◆ Task prompt:
Having found the line containing "using finite_Union_hypercube_edges clear_first_tree_spanning" in the data below, reproduce that line and each one after it to the end, exactly, and include nothing else.

::::::

lemma clear_first_tree_spanning:
  "spanning_tree (hypercube_verts d) (hypercube_edges d) (clear_first_tree d)"
  unfolding spanning_tree_def
proof (intro conjI)
  show "clear_first_tree d \<subseteq> hypercube_edges d"
    by (rule clear_first_tree_subset)
  show "graph_connected (hypercube_verts d) (clear_first_tree d)"
    unfolding graph_connected_def hypercube_verts_def
  proof (intro ballI)
    fix u v :: "bool list"
    assume "u \<in> {xs. length xs = d}" "v \<in> {xs. length xs = d}"
    then obtain w where "is_walk (clear_first_tree d) w" "hd w = u" "last w = v"
      using clear_first_tree_walk[of u d v] by auto
    then show "\<exists>xs. is_walk (clear_first_tree d) xs \<and> hd xs = u \<and> last xs = v"
      by blast
  qed
  show "acyclic_graph (clear_first_tree d)"
  proof (rule acyclic_graph_parent_edges)
    fix e
    assume "e \<in> clear_first_tree d"
    then show "\<exists>x. e = {x, clear_first x} \<and> weight (clear_first x) < weight x"
      unfolding clear_first_tree_def using weight_clear_first by fastforce
  qed
qed

lemma clear_first_tree_stretch_le:
  assumes "d \<ge> 1"
  shows "stretch (hypercube_edges d) (clear_first_tree d) \<le> 2 * d - 1"
proof (rule stretch_le[OF finite_Union_hypercube_edges])
  show "{replicate d False, True # replicate (d - 1) False} \<in> hypercube_edges d"
    using assms by (cases d) (auto simp: hypercube_edge_iff)
  fix u v
  assume "{u, v} \<in> hypercube_edges d"
  then have u: "length u = d" and v: "length v = d" and "u \<noteq> v"
    by (auto simp: hypercube_edge_iff)
  obtain w where w: "is_walk (clear_first_tree d) w" "hd w = u" "last w = v"
      "length w = Suc (weight u + weight v)"
    using clear_first_tree_walk[OF u v] by blast
  have "weight u \<le> d" "weight v \<le> d"
    using u v length_filter_le unfolding weight_def by metis+
  moreover have "weight u \<noteq> d \<or> weight v \<noteq> d"
    using u v \<open>u \<noteq> v\<close> weight_eq_length by metis
  moreover have "gdist (clear_first_tree d) u v < Suc (weight u + weight v)"
    using gdist_less_length[OF w(1)] w(2-4) by simp
  ultimately show "gdist (clear_first_tree d) u v \<le> 2 * d - 1"
    by linarith
qed

theorem corollary3p3:
  fixes d :: nat
  assumes "d \<ge> 1"
  shows "tree_stretch (hypercube_verts d) (hypercube_edges d) = 2 * d - 1"
  using finite_Union_hypercube_edges clear_first_tree_spanning
    clear_first_tree_stretch_le[OF assms] hypercube_spanning_tree_stretch_ge[OF _ assms]
  by (rule tree_stretch_eqI)

end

::::::

◆ Response to this exercise:
  using finite_Union_hypercube_edges clear_first_tree_spanning
    clear_first_tree_stretch_le[OF assms] hypercube_spanning_tree_stretch_ge[OF _ assms]
  by (rule tree_stretch_eqI)

end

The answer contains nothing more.